## WORK TO COMPLETE:
Each line of the data below from the one holding "proof (rule integral_norm_bound_integral)" to the one holding "u t) \<le> M", inclusive, is to be reproduced exactly; no other line belongs in the answer.

## DATA EXTRACTS:

lemma airy_kernel_bound:
  fixes w w' :: "real \<Rightarrow> real"
  assumes "q > 0"
    and dw: "\<And>s. (w has_real_derivative w' s) (at s)"
    and dw': "\<And>s. (w' has_real_derivative - (q\<^sup>2 * s) * w s) (at s)"
    and "0 < t" "t \<le> x" and "w t = 0" "w' t = 1"
  shows "\<bar>w x\<bar> \<le> 1 / q * x powr (-1/4) * t powr (-1/4)"
proof -
  define W where "W P = w (P\<^sup>2)" for P
  define V where "V P = w' (P\<^sup>2)" for P
  have dW: "(W has_real_derivative V P * (2 * P)) (at P)" for P
    unfolding W_def[abs_def] V_def by (rule DERIV_chain2[OF dw]) (auto intro!: derivative_eq_intros)
  have dV: "(V has_real_derivative - q\<^sup>2 * P\<^sup>2 * W P * (2 * P)) (at P)" for P
  proof -
    have "((\<lambda>P. w' (P\<^sup>2)) has_real_derivative - (q\<^sup>2 * P\<^sup>2) * w (P\<^sup>2) * (2 * P)) (at P)"
      by (rule DERIV_chain2[OF dw']) (auto intro!: derivative_eq_intros)
    then show ?thesis by (simp add: W_def V_def[abs_def])
  qed
  have "0 < sqrt t" "sqrt t \<le> sqrt x"
    using \<open>0 < t\<close> \<open>t \<le> x\<close> by auto
  have "q\<^sup>2 * sqrt x * (w x)\<^sup>2 \<le> airy_energy q W V (sqrt x)"
    using airy_energy_ge[of "sqrt x" q W V] \<open>0 < t\<close> \<open>t \<le> x\<close> by (simp add: W_def)
  also have "\<dots> \<le> airy_energy q W V (sqrt t)"
    by (rule airy_energy_antimono[OF dW dV \<open>0 < sqrt t\<close> \<open>sqrt t \<le> sqrt x\<close>])
  also have "\<dots> = 1 / sqrt t"
    using \<open>0 < t\<close> \<open>w t = 0\<close> \<open>w' t = 1\<close> by (simp add: airy_energy_def W_def V_def)
  finally have "(w x)\<^sup>2 \<le> 1 / (q\<^sup>2 * sqrt x * sqrt t)"
    using \<open>q > 0\<close> \<open>0 < t\<close> \<open>t \<le> x\<close> by (simp add: field_simps)
  also have "\<dots> = (1 / q * x powr (-1/4) * t powr (-1/4))\<^sup>2"
    using \<open>0 < t\<close> \<open>t \<le> x\<close> power2_powr_minus_quarter[of x] power2_powr_minus_quarter[of t]
    by (simp add: power_mult_distrib power_divide)
  finally have "\<bar>w x\<bar> \<le> \<bar>1 / q * x powr (-1/4) * t powr (-1/4)\<bar>"
    by (simp only: abs_le_square_iff)
  then show ?thesis
    using \<open>q > 0\<close> by simp
qed

section \<open>The inhomogeneous equation\<close>

lemmas airy_sol_derivatives =
  has_real_derivative_airy_sol[OF _ le0] has_real_derivative_airy_sol_deriv[OF _ le0]
  has_real_derivative_airy_sol[OF _ order_refl] has_real_derivative_airy_sol_deriv[OF _ order_refl]

lemma airy_wronskian:
  assumes "q > 0"
  shows "airy_sol q 0 s * airy_sol_deriv q 1 s - airy_sol_deriv q 0 s * airy_sol q 1 s
         = airy_coeff q 0 0 * airy_coeff q 1 0"
  using wronskian_constant[where p = "\<lambda>s. q\<^sup>2 * s", OF airy_sol_derivatives[OF assms]]
  unfolding airy_sol_at_0 by simp

lemma airy_wronskian_nonzero: "q > 0 \<Longrightarrow> airy_coeff q 0 0 * airy_coeff q 1 0 \<noteq> 0"
  using airy_coeff_0_pos[of q 0] airy_coeff_0_pos[of q 1] by simp

definition airy_green :: "real \<Rightarrow> real \<Rightarrow> real \<Rightarrow> real" where
  "airy_green q x t = (airy_sol q 0 t * airy_sol q 1 x - airy_sol q 0 x * airy_sol q 1 t)
                      / (airy_coeff q 0 0 * airy_coeff q 1 0)"

lemma airy_green_bound:
  assumes "q > 0" and "0 < t" "t \<le> x"
  shows "\<bar>airy_green q x t\<bar> \<le> 1 / q * x powr (-1/4) * t powr (-1/4)"
proof (rule airy_kernel_bound[OF \<open>q > 0\<close> _ _ \<open>0 < t\<close> \<open>t \<le> x\<close>])
  define W where "W = airy_coeff q 0 0 * airy_coeff q 1 0"
  define G' where "G' s = (airy_sol q 0 t * airy_sol_deriv q 1 s - airy_sol_deriv q 0 s * airy_sol q 1 t) / W" for s
  have "W \<noteq> 0" unfolding W_def by (rule airy_wronskian_nonzero[OF \<open>q > 0\<close>])
  note derivs = airy_sol_derivatives[OF \<open>q > 0\<close>]
  show "((\<lambda>s. airy_green q s t) has_real_derivative G' s) (at s)" for s
    unfolding airy_green_def W_def[symmetric] G'_def
    by (rule derivative_eq_intros derivs refl)+ (use \<open>W \<noteq> 0\<close> in \<open>simp_all add: field_simps\<close>)
  show "(G' has_real_derivative - (q\<^sup>2 * s) * airy_green q s t) (at s)" for s
    unfolding airy_green_def W_def[symmetric] G'_def
    by (rule derivative_eq_intros derivs refl)+ (use \<open>W \<noteq> 0\<close> in \<open>simp_all add: field_simps\<close>)
  show "airy_green q t t = 0" by (simp add: airy_green_def)
  show "G' t = 1"
    using airy_wronskian[OF \<open>q > 0\<close>, of t] \<open>W \<noteq> 0\<close> by (simp add: G'_def W_def)
qed

lemma airy_green_has_integral:
  fixes z z' z'' u :: "real \<Rightarrow> real"
  assumes "q > 0" and "0 \<le> x"
    and dz: "\<And>t. t \<in> {0..x} \<Longrightarrow> (z has_real_derivative z' t) (at t within {0..x})"
    and dz': "\<And>t. t \<in> {0..x} \<Longrightarrow> (z' has_real_derivative z'' t) (at t within {0..x})"
    and ode: "\<And>t. t \<in> {0..x} \<Longrightarrow> z'' t + q\<^sup>2 * t * z t = u t"
    and "z 0 = 0" "z' 0 = 0"
  shows "((\<lambda>t. airy_green q x t * u t) has_integral z x) {0..x}"
  unfolding airy_green_def
  by (rule variation_of_constants[where p = "\<lambda>s. q\<^sup>2 * s", OF airy_sol_derivatives[OF \<open>q > 0\<close>]
        airy_wronskian[OF \<open>q > 0\<close>] airy_wronskian_nonzero[OF \<open>q > 0\<close>] \<open>0 \<le> x\<close> dz dz' ode
        \<open>z 0 = 0\<close> \<open>z' 0 = 0\<close>])

lemma airy_remainder_bound:
  fixes z z' z'' u :: "real \<Rightarrow> real"
  assumes "q > 0" and "x > 0"
    and dz: "\<And>t. t \<in> {0..x} \<Longrightarrow> (z has_real_derivative z' t) (at t within {0..x})"
    and dz': "\<And>t. t \<in> {0..x} \<Longrightarrow> (z' has_real_derivative z'' t) (at t within {0..x})"
    and ode: "\<And>t. t \<in> {0..x} \<Longrightarrow> z'' t + q\<^sup>2 * t * z t = u t"
    and "z 0 = 0" "z' 0 = 0"
    and integrable: "(\<lambda>t. \<bar>u t\<bar> * t powr (-1/4)) integrable_on {0..x}"
  shows "\<bar>z x\<bar> \<le> 1 / q * x powr (-1/4) * integral {0..x} (\<lambda>t. \<bar>u t\<bar> * t powr (-1/4))"
proof -
  define M where "M = 1 / q * x powr (-1/4)"
  have "((\<lambda>t. airy_green q x t * u t) has_integral z x) {0..x}"
    using airy_green_has_integral[OF \<open>q > 0\<close> less_imp_le[OF \<open>x > 0\<close>] dz dz' ode \<open>z 0 = 0\<close> \<open>z' 0 = 0\<close>] .
  then have integral_z: "((\<lambda>t. if t = 0 then 0 else airy_green q x t * u t) has_integral z x) {0..x}"
    by (rule has_integral_spike[OF negligible_sing[of 0], rotated]) simp
  have "norm (z x) \<le> integral {0..x} (\<lambda>t. M * (\<bar>u t\<bar> * t powr (-1/4)))"
    unfolding integral_unique[OF integral_z, symmetric]
  proof (rule integral_norm_bound_integral)
    show "(\<lambda>t. M * (\<bar>u t\<bar> * t powr (-1/4))) integrable_on {0..x}"
      using integrable_on_cmult_left[OF integrable, of M] by simp
    fix t assume "t \<in> {0..x}"
    then show "norm (if t = 0 then 0 else airy_green q x t * u t) \<le> M * (\<bar>u t\<bar> * t powr (-1/4))"
      using mult_right_mono[OF airy_green_bound[OF \<open>q > 0\<close>, of t x], of "\<bar>u t\<bar>"]
      by (auto simp: M_def abs_mult mult_ac)
  qed (use integral_z in blast)
  then show ?thesis by (simp add: M_def)
qed

lemma airy_deviation_bound:
  fixes y y' y'' u :: "real \<Rightarrow> real"
  assumes "q > 0" and "x > 0"
    and dy: "\<And>t. t \<ge> 0 \<Longrightarrow> (y has_real_derivative y' t) (at t within {0..})"
    and dy': "\<And>t. t \<ge> 0 \<Longrightarrow> (y' has_real_derivative y'' t) (at t within {0..})"
    and ode: "\<And>t. t \<ge> 0 \<Longrightarrow> y'' t + q\<^sup>2 * t * y t = u t"
    and integrable: "(\<lambda>t. \<bar>u t\<bar> * t powr (-1/4)) integrable_on {0..x}"
  defines "c1 \<equiv> y 0 / airy_coeff q 0 0" and "c2 \<equiv> y' 0 / airy_coeff q 1 0"
  shows "\<bar>y x - (c1 * airy_sol q 0 x + c2 * airy_sol q 1 x)\<bar>
         \<le> 1 / q * x powr (-1/4) * integral {0..x} (\<lambda>t. \<bar>u t\<bar> * t powr (-1/4))"
proof -
  define z where "z t = y t - c1 * airy_sol q 0 t - c2 * airy_sol q 1 t" for t
  define z' where "z' t = y' t - c1 * airy_sol_deriv q 0 t - c2 * airy_sol_deriv q 1 t" for t
  define z'' where "z'' t = y'' t + c1 * q\<^sup>2 * t * airy_sol q 0 t + c2 * q\<^sup>2 * t * airy_sol q 1 t" for t
  note derivs = airy_sol_derivatives[OF \<open>q > 0\<close>, THEN has_field_derivative_at_within]
  have "\<bar>z x\<bar> \<le> 1 / q * x powr (-1/4) * integral {0..x} (\<lambda>t. \<bar>u t\<bar> * t powr (-1/4))"
  proof (rule airy_remainder_bound[OF \<open>q > 0\<close> \<open>x > 0\<close> _ _ _ _ _ integrable])
    fix t assume t: "t \<in> {0..x}"
    then have "t \<ge> 0" by simp
    show "(z has_real_derivative z' t) (at t within {0..x})"
      unfolding z_def[abs_def] z'_def
      by (rule DERIV_subset[of _ _ _ "{0..}"], (rule derivative_eq_intros dy[OF \<open>t \<ge> 0\<close>] derivs refl)+) auto
    show "(z' has_real_derivative z'' t) (at t within {0..x})"
      unfolding z'_def[abs_def] z''_def
      by (rule DERIV_subset[of _ _ _ "{0..}"], (rule derivative_eq_intros dy'[OF \<open>t \<ge> 0\<close>] derivs refl)+) auto
    show "z'' t + q\<^sup>2 * t * z t = u t"
      using ode[OF \<open>t \<ge> 0\<close>] by (simp add: z_def z''_def algebra_simps)
  next
    show "z 0 = 0" "z' 0 = 0"
      using airy_coeff_0_pos[OF \<open>q > 0\<close>, of 0] airy_coeff_0_pos[OF \<open>q > 0\<close>, of 1]
      by (simp_all add: z_def z'_def c1_def c2_def airy_sol_at_0[simplified])
  qed
  then show ?thesis by (simp add: z_def algebra_simps)
qed

lemma abs_le_imp_ex_scale:
  fixes a b :: real
  assumes "\<bar>a\<bar> \<le> b"
  shows "\<exists>\<theta>. \<bar>\<theta>\<bar> \<le> 1 \<and> a = \<theta> * b"
proof (cases "b = 0")
  case True
  with assms show ?thesis by (intro exI[of _ 0]) auto
next
  case False
  with assms have "b > 0" by linarith
  with assms show ?thesis by (intro exI[of _ "a / b"]) (auto simp: abs_divide)
qed

theorem mainTheorem10:
  fixes q :: real and y y' y'' u :: "real \<Rightarrow> real"
  assumes q_pos: "q > 0"
    and d1: "\<And>x. x \<ge> 0 \<Longrightarrow> (y has_real_derivative y' x) (at x within {0..})"
    and d2: "\<And>x. x \<ge> 0 \<Longrightarrow> (y' has_real_derivative y'' x) (at x within {0..})"
    and ode: "\<And>x. x \<ge> 0 \<Longrightarrow> y'' x + q\<^sup>2 * x * y x = u x"
  shows "\<exists>c1 c2 :: real. \<forall>x > 0.
           (\<lambda>t. \<bar>u t\<bar> * t powr (-1/4)) integrable_on {0..x} \<longrightarrow>
           (\<exists>\<theta>. \<bar>\<theta>\<bar> \<le> 1 \<and>
              y x = sqrt x * (c1 * bessel_J (-1/3) (2 * q * x powr (3/2) / 3)
                            + c2 * bessel_J (1/3) (2 * q * x powr (3/2) / 3))
                    + \<theta> * (1 / q) * x powr (-1/4)
                        * integral {0..x} (\<lambda>t. \<bar>u t\<bar> * t powr (-1/4)))"
proof (rule exI, rule exI, intro allI impI)
  fix x :: real
  assume "x > 0" and integrable: "(\<lambda>t. \<bar>u t\<bar> * t powr (-1/4)) integrable_on {0..x}"
  have bessel: "sqrt x * bessel_J (-1/3) (2 * q * x powr (3/2) / 3) = airy_sol q 0 x"
    "sqrt x * bessel_J (1/3) (2 * q * x powr (3/2) / 3) = airy_sol q 1 x"
    using sqrt_bessel_J_eq_airy_sol[OF \<open>x > 0\<close> q_pos, of 0] sqrt_bessel_J_eq_airy_sol[OF \<open>x > 0\<close> q_pos, of 1]
    by (simp_all add: airy_order_def)
  obtain \<theta> where "\<bar>\<theta>\<bar> \<le> 1"
    and "y x - (y 0 / airy_coeff q 0 0 * airy_sol q 0 x + y' 0 / airy_coeff q 1 0 * airy_sol q 1 x)
         = \<theta> * (1 / q * x powr (-1/4) * integral {0..x} (\<lambda>t. \<bar>u t\<bar> * t powr (-1/4)))"
    using abs_le_imp_ex_scale[OF airy_deviation_bound[OF q_pos \<open>x > 0\<close> d1 d2 ode integrable]] by blast
  then show "\<exists>\<theta>. \<bar>\<theta>\<bar> \<le> 1 \<and>
          y x = sqrt x * (y 0 / airy_coeff q 0 0 * bessel_J (-1/3) (2 * q * x powr (3/2) / 3)
                          + y' 0 / airy_coeff q 1 0 * bessel_J (1/3) (2 * q * x powr (3/2) / 3))
                + \<theta> * (1 / q) * x powr (-1/4) * integral {0..x} (\<lambda>t. \<bar>u t\<bar> * t powr (-1/4))"
    unfolding distrib_left mult.left_commute[of "sqrt x"] bessel
    by (intro exI[of _ \<theta>]) (simp add: algebra_simps)
qed

end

## ANSWER TO THIS PROBLEM:
  proof (rule integral_norm_bound_integral)
    show "(\<lambda>t. M * (\<bar>u t\<bar> * t powr (-1/4))) integrable_on {0..x}"
      using integrable_on_cmult_left[OF integrable, of M] by simp
    fix t assume "t \<in> {0..x}"
    then show "norm (if t = 0 then 0 else airy_green q x t * u t) \<le> M * (\<bar>u t\<bar> * t powr (-1/4))"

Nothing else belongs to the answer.